lemma tensor_value:
  assumes pos: "\<And>t. t \<le> n \<Longrightarrow> w1 t \<ge> 1" and "t \<le> n"
  shows "abp_value n (tensor_width w1 w2) (tensor_label w1 L1 L2) t u
    = abp_value n w1 L1 t (u mod w1 t) * abp_value n w2 L2 t (u div w1 t)"
  using assms(2)
proof (induction "n - t" arbitrary: t u)
  case 0
  then have "t = n" by simp
  moreover have "u = 0 \<longleftrightarrow> u mod w1 n = 0 \<and> u div w1 n = 0"
    using pos[of n] by (metis div_0 div_mult_mod_eq mod_0 mult_0_right add_0 order.refl)
  ultimately show ?case by (simp add: abp_value_sink)
next
  case (Suc m)
  then have t_less: "t < n" and m: "m = n - Suc t" by auto
  define a where "a = w1 (Suc t)"
  define b where "b = w2 (Suc t)"
  define u1 where "u1 = u mod w1 t"
  define u2 where "u2 = u div w1 t"
  define R1 where "R1 x = upoly_in t (L1 t u1 x) * abp_value n w1 L1 (Suc t) x" for x
  define R2 where "R2 y = upoly_in t (L2 t u2 y) * abp_value n w2 L2 (Suc t) y" for y
  have a_pos: "a \<ge> 1" using pos t_less by (simp add: a_def Suc_leI)
  have next_value: "abp_value n (tensor_width w1 w2) (tensor_label w1 L1 L2) (Suc t) v
      = abp_value n w1 L1 (Suc t) (v mod a) * abp_value n w2 L2 (Suc t) (v div a)" for v
    using Suc.hyps(1)[OF m] t_less by (simp add: a_def Suc_leI)
  have "abp_value n (tensor_width w1 w2) (tensor_label w1 L1 L2) t u
      = (\<Sum>v<a * b. upoly_in t (L1 t u1 (v mod a) * L2 t u2 (v div a))
          * (abp_value n w1 L1 (Suc t) (v mod a) * abp_value n w2 L2 (Suc t) (v div a)))"
    unfolding abp_value_step[OF t_less] next_value
    by (simp add: tensor_width_def tensor_label_def a_def b_def u1_def u2_def)
  also have "\<dots> = (\<Sum>y<b. \<Sum>x<a. R1 x * R2 y)"
    unfolding sum_lessThan_mult_nat using a_pos
    by (intro sum.cong refl) (simp add: R1_def R2_def upoly_in_mult ac_simps)
  also have "\<dots> = sum R1 {..<a} * sum R2 {..<b}"
    by (simp add: sum_product sum.swap[of _ "{..<b}"])
  also have "\<dots> = abp_value n w1 L1 t u1 * abp_value n w2 L2 t u2"
    unfolding abp_value_step[OF t_less] R1_def R2_def a_def b_def ..
  finally show ?case by (simp add: u1_def u2_def)
qed

lemma abp_product:
  assumes "abp_bounded n w1 L1 B1 D1" "abp_bounded n w2 L2 B2 D2"
  shows "abp_bounded n (tensor_width w1 w2) (tensor_label w1 L1 L2) (B1 * B2) (D1 + D2)
    \<and> abp_value n (tensor_width w1 w2) (tensor_label w1 L1 L2) 0 0 = abp_value n w1 L1 0 0 * abp_value n w2 L2 0 0"
proof -
  have "abp_value n (tensor_width w1 w2) (tensor_label w1 L1 L2) 0 0 = abp_value n w1 L1 0 0 * abp_value n w2 L2 0 0"
    using tensor_value[of n w1 0 w2 L1 L2 0] assms(1) by (simp add: abp_bounded_def)
  moreover have "degree (tensor_label w1 L1 L2 t u v) \<le> D1 + D2" if "t < n" for t u v
    using assms that unfolding abp_bounded_def tensor_label_def
    by (meson add_mono degree_mult_le order_trans)
  moreover have "1 \<le> tensor_width w1 w2 t \<and> tensor_width w1 w2 t \<le> B1 * B2" if "t \<le> n" for t
    using assms that unfolding abp_bounded_def tensor_width_def by (simp add: mult_le_mono)
  ultimately show ?thesis
    using assms unfolding abp_bounded_def by (simp add: tensor_width_def)
qed
theorem lemma1:
  fixes U :: "complex set" and X :: "(complex \<Rightarrow> complex) set"
    and \<phi> :: "complex \<Rightarrow> complex" and \<phi>s :: "nat \<Rightarrow> complex \<Rightarrow> complex" and r :: nat
  assumes "domain U"
    and "real_fun_subspace X" and "\<forall>f\<in>X. smooth_on U f"
    and "unique_continuation U X"
    and "locally_integrable_on U \<phi>"
    and "\<forall>i\<in>{1..r}. \<phi>s i \<in> X"
    and "\<forall>i\<in>{1..r}. \<forall>j\<in>{1..r}. i \<noteq> j \<longrightarrow> (\<exists>x\<in>U. \<phi>s i x \<noteq> \<phi>s j x)"
    and "U \<inter> (\<Inter>i\<in>{1..r}. dsupp U (\<lambda>x. \<phi> x - \<phi>s i x)) \<in> null_sets lebesgue"
  defines "\<Gamma> \<equiv> U \<inter> (\<Inter>i\<in>{1..r}. dsupp U (\<lambda>x. \<phi> x - \<phi>s i x))"
    and "M \<equiv> (\<lambda>i. U - dsupp U (\<lambda>x. \<phi> x - \<phi>s i x))"
  shows "((\<Union>i\<in>{1..r}. M i) = U - \<Gamma>)
    \<and> (\<forall>i\<in>{1..r}. \<forall>j\<in>{1..r}. i \<noteq> j \<longrightarrow> (closure (M i) \<inter> U) \<inter> M j = {})
    \<and> (\<forall>i\<in>{1..r}. M i = interior (closure (M i) \<inter> U))
    \<and> (\<Gamma> = (\<Union>(i, j)\<in>{(i, j). 1 \<le> i \<and> i < j \<and> j \<le> r}.
                 (closure (M i) \<inter> U) \<inter> (closure (M j) \<inter> U)))
    \<and> (ae_continuous_on U \<phi> \<longrightarrow>
           \<Gamma> \<subseteq> {x. (\<Prod>(i, j)\<in>{(i, j). 1 \<le> i \<and> i < j \<and> j \<le> r}. \<phi>s i x - \<phi>s j x) = 0})"
proof -
  let ?I = "{1..r}"
  let ?P = "{(i, j). i \<in> ?I \<and> j \<in> ?I \<and> i < j}"
  have U: "open U" "U \<noteq> {}" using assms(1) unfolding domain_def by auto
  have cont: "continuous_on U (\<phi>s i)" if "i \<in> ?I" for i
    using assms(3,6) that smooth_on_imp_continuous_on by blast
  have M_open: "open (M i)" and M_subset: "M i \<subseteq> U" for i
    unfolding M_def by (auto intro: open_Diff_dsupp)
  have disjoint: "M i \<inter> M j = {}" if "i \<in> ?I" "j \<in> ?I" "i \<noteq> j" for i j
    using assms(7) that Diff_dsupp_Int_Diff_dsupp_eq_empty[OF assms(4,2)] assms(6) cont
    unfolding M_def by metis
  have \<Gamma>_eq: "\<Gamma> = U - (\<Union>i\<in>?I. M i)"
    unfolding \<Gamma>_def M_def using dsupp_subset by blast
  have maximal: "T \<subseteq> M i" if "i \<in> ?I" "open T" "T \<subseteq> U"
    "\<And>j. j \<in> ?I \<Longrightarrow> j \<noteq> i \<Longrightarrow> T \<inter> M j = {}" for i T
  proof -
    have "T - \<Gamma> \<subseteq> M i" using that \<Gamma>_eq by blast
    then show ?thesis
      using subset_Diff_dsupp_null[OF that(2,3) assms(8)] unfolding M_def \<Gamma>_def by blast
  qed
  have "?I \<noteq> {}"
    using assms(8) U open_not_negligible negligible_iff_null_sets by force
  then have boundary: "\<Gamma> = (\<Union>(i, j)\<in>?P. (closure (M i) \<inter> U) \<inter> (closure (M j) \<inter> U))"
    unfolding \<Gamma>_eq using U disjoint maximal M_open
    by (intro Diff_Union_eq_Union_closure_Int_if_maximal) auto
  have pairs: "{(i, j). 1 \<le> i \<and> i < j \<and> j \<le> r} = ?P" by auto
  show ?thesis
    unfolding pairs
  proof (intro conjI ballI impI)
    show "(\<Union>i\<in>?I. M i) = U - \<Gamma>" using \<Gamma>_eq M_subset by blast
    show "closure (M i) \<inter> U \<inter> M j = {}" if "i \<in> ?I" "j \<in> ?I" "i \<noteq> j" for i j
      using disjoint[OF that] M_open open_Int_closure_eq_empty by blast
    show "M i = interior (closure (M i) \<inter> U)" if "i \<in> ?I" for i
      using that M_open M_subset disjoint maximal
      by (intro interior_closure_Int_eq_if_maximal[where I="?I"]) auto
    show "\<Gamma> = (\<Union>(i, j)\<in>?P. (closure (M i) \<inter> U) \<inter> (closure (M j) \<inter> U))" by (fact boundary)
    assume "ae_continuous_on U \<phi>"
    then obtain c where c: "continuous_on U c" "AE x in lebesgue. x \<in> U \<longrightarrow> \<phi> x = c x"
      unfolding ae_continuous_on_def by blast
    have "c y = \<phi>s i y" if "i \<in> ?I" "y \<in> M i" for i y
      using continuous_eq_on_Diff_dsupp[OF c cont] that unfolding M_def by blast
    then show "\<Gamma> \<subseteq> {x. (\<Prod>(i, j)\<in>?P. \<phi>s i x - \<phi>s j x) = 0}"
      unfolding boundary using c(1) cont M_subset
      by (intro Union_closure_Int_subset_prod_eq_0) auto
  qed
qed

end
(* Let $n\geq 3$, $q\geq 1$ with $\gcd(q,n-1)=1$, $k=-n+\frac{n-1}{q}$, $\beta_0=q\delta-\theta$, and let $\sigma:(\widehat W,S)\to(\widehat W(k\Lambda_0),S(k\Lambda_0))$ be the Coxeter isomorphism with $\sigma(s_{\alpha_0})=s_{\beta_0}$ and $\sigma(s_{\alpha_i})=s_{\alpha_i}$ for $1\leq i\leq n-1$. Then for every $\gamma$ in the root lattice $Q$ of $sl_n$, $\sigma(t_\gamma)=t_{q\gamma}$.
   Context: Affine $\widehat{sl}_n$ with simple roots $\alpha_0=\delta-\theta,\alpha_1,\dots,\alpha_{n-1}$, invariant form $(\cdot|\cdot)$, reflections $s_\alpha$; $\widehat W$ the affine Weyl group, $S=\{s_{\alpha_i}\}$; $\widehat W(k\Lambda_0)$ is the group generated by reflections in real roots $\alpha$ with $(k\Lambda_0+\widehat\rho|\alpha^\vee)\in\mathbb Z$, with simple reflections $S(k\Lambda_0)=\{s_{\beta_0},s_{\alpha_1},\dots,s_{\alpha_{n-1}}\}$. For $\gamma\in\mathfrak h^*$, $t_\gamma$ is the linear map $t_\gamma(\lambda)=\lambda+(\lambda|\delta)\gamma-\big((\lambda|\gamma)+\frac12(\lambda|\delta)(\gamma|\gamma)\big)\delta$ on $\widehat{\mathfrak h}^*$; for $\gamma\in Q$ one has $t_\gamma\in\widehat W$ and $t_{q\gamma}\in\widehat W(k\Lambda_0)$. *)

theory Defs
  imports Main Complex_Main
begin

text \<open>Concrete model of the dual Cartan subalgebra of affine sl_n.
  An element is a triple (v, a, b) standing for  v + a Lambda_0 + b delta,
  where v :: nat => real is the finite part; the Cartan dual of sl_n is the set of v
  with v i = 0 for i >= n and sum of v i over i < n equal to 0 (coordinates 0-based,
  e_i - e_j realisation of the roots). Linear maps are taken on the whole type; all maps
  considered act trivially on the complement of hhat n, so nothing is lost.\<close>

type_synonym hs = "(nat \<Rightarrow> real) \<times> real \<times> real"

definition hhat :: "nat \<Rightarrow> hs set" where
  "hhat n = {(v, a, b). (\<forall>i\<ge>n. v i = 0) \<and> (\<Sum>i<n. v i) = 0}"
(* Let $\psi:\mathbb{N}\to[1,\infty)$ be a function with $\psi(n)\to\infty$ and $\log\psi(n)/\log n\to 0$ as $n\to\infty$, and let $d=d(n)$ be positive integers with $d\geq n/\psi(n)$. Then, as $n\to\infty$, $$p_d(n+1)\geq n^{\big(n+\frac{n\log d}{\psi(n)\log n}\big)(1+o(1))},$$ and consequently, if moreover $\frac{\log d}{\psi(n)\log n}\to 0$ as $n\to\infty$, then $p_d(n)\geq n^{n+o(n)}$.
   Context: $\mathbb{Z}_+=\{0,1,2,\dots\}$. A set $S\subset\mathbb{Z}_+^d$ is a lower set if whenever $\mathbf{x}\in S$ and $\mathbf{x}'\in\mathbb{Z}_+^d$ satisfies $x'_i\leq x_i$ for all $i$, then $\mathbf{x}'\in S$. $p_d(n)$ denotes the number of lower sets in $\mathbb{Z}_+^d$ with exactly $n$ points. $\log$ is the natural logarithm. *)

theory Defs
  imports Complex_Main
begin

text \<open>Points of Z_+^d are represented as functions nat => nat vanishing at all
  coordinates i >= d.\<close>

definition lower_set :: "nat \<Rightarrow> (nat \<Rightarrow> nat) set \<Rightarrow> bool" where
  "lower_set d S \<longleftrightarrow>
     S \<subseteq> {x. \<forall>i\<ge>d. x i = 0} \<and>
     (\<forall>x\<in>S. \<forall>y. (\<forall>i. y i \<le> x i) \<longrightarrow> y \<in> S)"

definition p :: "nat \<Rightarrow> nat \<Rightarrow> nat" where
  "p d n = card {S. lower_set d S \<and> finite S \<and> card S = n}"

end

theory Submission
  imports Defs "HOL-Library.Indicator_Function" "HOL-Real_Asymp.Real_Asymp"
begin

(* The indicator vectors of a down-closed family of subsets of {0, ..., d - 1} form a lower set
   of the same size. Taking the empty set, the k singletons of a k-set K and m of the 2-subsets
   of K (a graph on K) gives at least C(d, k) C(C(k, 2), m) >= (d / k)^k (C(k, 2) / m)^m lower
   sets with 1 + k + m points. With k = ceil (n / psi) and m = n - k, resp. n - 1 - k, this is
   exp (n ln n + (n / psi) ln d - o(n ln n)), since ln psi = o(ln n). *)

section \<open>Lower sets from down-closed set families\<close>

lemma coord_le_card_lower_set:
  assumes "lower_set d S" "finite S" "x \<in> S"
  shows "x i \<le> card S"
proof -
  let ?axis = "\<lambda>t::nat. (\<lambda>j. if j = i then t else 0)"
  have "?axis ` {..<Suc (x i)} \<subseteq> S"
    using assms unfolding lower_set_def by auto
  moreover have "inj ?axis"
    by (rule injI) (metis (mono_tags))
  ultimately have "card {..<Suc (x i)} \<le> card S"
    using assms(2) by (metis card_image card_mono inj_on_subset subset_UNIV)
  then show ?thesis by simp
qed

lemma finite_lower_sets_of_card:
  "finite {S. lower_set d S \<and> finite S \<and> card S = N}"
proof -
  define box where
    "box = {x::nat \<Rightarrow> nat.
      \<forall>i. (i \<in> {..<d} \<longrightarrow> x i \<in> {..N}) \<and> (i \<notin> {..<d} \<longrightarrow> x i = 0)}"
  have "S \<subseteq> box" if S: "lower_set d S" "finite S" "card S = N" for S
  proof
    fix x assume "x \<in> S"
    then show "x \<in> box"
      using S coord_le_card_lower_set[OF S(1,2)] unfolding box_def lower_set_def by auto
  qed
  then have "{S. lower_set d S \<and> finite S \<and> card S = N} \<subseteq> Pow box"
    by blast
  moreover have "finite box"
    unfolding box_def by (intro finite_set_of_finite_funs) auto
  ultimately show ?thesis
    by (simp add: finite_subset)
qed

lemma lower_set_indicator_image:
  assumes "X \<subseteq> Pow {..<d}" and "\<And>A B. A \<in> X \<Longrightarrow> B \<subseteq> A \<Longrightarrow> B \<in> X"
  shows "lower_set d ((\<lambda>A. indicator A :: nat \<Rightarrow> nat) ` X)"
  unfolding lower_set_def
proof (intro conjI ballI allI impI)
  show "(\<lambda>A. indicator A) ` X \<subseteq> {x :: nat \<Rightarrow> nat. \<forall>i\<ge>d. x i = 0}"
  proof clarify
    fix A i assume "A \<in> X" "d \<le> i"
    then have "A \<subseteq> {..<d}"
      using assms(1) by blast
    then have "i \<notin> A"
      using \<open>d \<le> i\<close> by auto
    then show "indicator A i = (0 :: nat)"
      by simp
  qed
next
  fix x y :: "nat \<Rightarrow> nat"
  assume "x \<in> (\<lambda>A. indicator A) ` X" and y_le: "\<forall>i. y i \<le> x i"
  then obtain A where A: "A \<in> X" "x = indicator A" by auto
  have y_eq: "y = indicator {i. y i \<noteq> 0}"
  proof
    fix i
    have "y i \<le> indicator A i"
      using y_le A(2) by simp
    also have "\<dots> \<le> 1"
      by (rule indicator_le_1)
    finally show "y i = indicator {i. y i \<noteq> 0} i"
      by (auto simp: indicator_def)
  qed
  have support_sub: "{i. y i \<noteq> 0} \<subseteq> A"
  proof
    fix i assume "i \<in> {i. y i \<noteq> 0}"
    then show "i \<in> A"
      using y_le[rule_format, of i] A(2) by (cases "i \<in> A") auto
  qed
  show "y \<in> (\<lambda>A. indicator A) ` X"
    using image_eqI[where f = indicator, OF y_eq assms(2)[OF A(1) support_sub]] .
qed

definition down_closed_families :: "nat \<Rightarrow> nat \<Rightarrow> nat set set set" where
  "down_closed_families d N =
     {X. X \<subseteq> Pow {..<d} \<and> (\<forall>A\<in>X. \<forall>B\<subseteq>A. B \<in> X) \<and> card X = N}"

lemma inj_indicator_nat: "inj (\<lambda>A. indicator A :: 'a \<Rightarrow> nat)"
proof (rule injI)
  fix A B :: "'a set"
  assume "indicator A = (indicator B :: 'a \<Rightarrow> nat)"
  then show "A = B"
    by (metis (full_types) indicator_eq_0_iff equalityI subsetI zero_neq_one indicator_simps(1))
qed

lemma card_down_closed_families_le_p: "card (down_closed_families d N) \<le> p d N"
proof -
  let ?lower = "\<lambda>X. (\<lambda>A. indicator A :: nat \<Rightarrow> nat) ` X"
  have "?lower ` down_closed_families d N \<subseteq> {S. lower_set d S \<and> finite S \<and> card S = N}"
  proof safe
    fix X assume X: "X \<in> down_closed_families d N"
    then have "finite X"
      using finite_subset[of X "Pow {..<d}"] by (simp add: down_closed_families_def)
    then show "lower_set d (?lower X)" "finite (?lower X)" "card (?lower X) = N"
      using X lower_set_indicator_image[of X d]
        card_image[OF inj_on_subset[OF inj_indicator_nat subset_UNIV]]
      by (auto simp: down_closed_families_def)
  qed
  moreover have "inj_on ?lower (down_closed_families d N)"
    by (intro inj_onI) (simp add: inj_image_eq_iff[OF inj_indicator_nat])
  ultimately show ?thesis
    unfolding p_def by (intro card_inj_on_le finite_lower_sets_of_card)
qed

section \<open>Counting graphs\<close>

definition graph_complex :: "nat set \<Rightarrow> nat set set \<Rightarrow> nat set set" where
  "graph_complex K E = insert {} ((\<lambda>i. {i}) ` K \<union> E)"

lemma graph_complex_mem_down_closed_families:
  assumes K: "K \<subseteq> {..<d}" "card K = k"
    and E: "E \<subseteq> {B. B \<subseteq> K \<and> card B = 2}" "card E = m"
  shows "graph_complex K E \<in> down_closed_families d (Suc (k + m))"
proof -
  have "finite K"
    using K(1) by (rule finite_subset) simp
  then have "finite {B. B \<subseteq> K \<and> card B = 2}"
    by simp
  with E(1) have "finite E"
    by (rule finite_subset)
  have down: "B \<in> graph_complex K E" if A: "A \<in> graph_complex K E" and "B \<subseteq> A" for A B
  proof -
    consider "A = {}" | i where "A = {i}" | "A \<in> E"
      using A unfolding graph_complex_def by blast
    then show ?thesis
    proof cases
      case 1
      then show ?thesis
        using \<open>B \<subseteq> A\<close> by (simp add: graph_complex_def)
    next
      case 2
      then show ?thesis
        using A \<open>B \<subseteq> A\<close> by (auto simp: graph_complex_def subset_singleton_iff)
    next
      case 3
      then have "A \<subseteq> K" "card A = 2"
        using E(1) by auto
      then obtain a b where "A = {a, b}"
        by (meson card_2_iff)
      then have "B = {} \<or> B = {a} \<or> B = {b} \<or> B = A"
        using \<open>B \<subseteq> A\<close> by (cases "a \<in> B"; cases "b \<in> B") auto
      then show ?thesis
        using 3 \<open>A \<subseteq> K\<close> \<open>A = {a, b}\<close> by (auto simp: graph_complex_def)
    qed
  qed
  have "(\<lambda>i. {i}) ` K \<inter> E = {}"
    using E(1) by auto
  then have "card ((\<lambda>i. {i}) ` K \<union> E) = k + m"
    using \<open>finite K\<close> \<open>finite E\<close> K(2) E(2) by (simp add: card_Un_disjoint card_image)
  moreover have "{} \<notin> (\<lambda>i. {i}) ` K \<union> E"
    using E(1) by auto
  ultimately have "card (graph_complex K E) = Suc (k + m)"
    using \<open>finite K\<close> \<open>finite E\<close> unfolding graph_complex_def by simp
  moreover have "graph_complex K E \<subseteq> Pow {..<d}"
    using K(1) E(1) unfolding graph_complex_def by auto
  ultimately show ?thesis
    using down unfolding down_closed_families_def by blast
qed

==================================================

• [Exercise objective]
Show a copy of each line from the records above in which the string "injI" occurs.

• [Problem solution]
    by (rule injI) (metis (mono_tags))
proof (rule injI)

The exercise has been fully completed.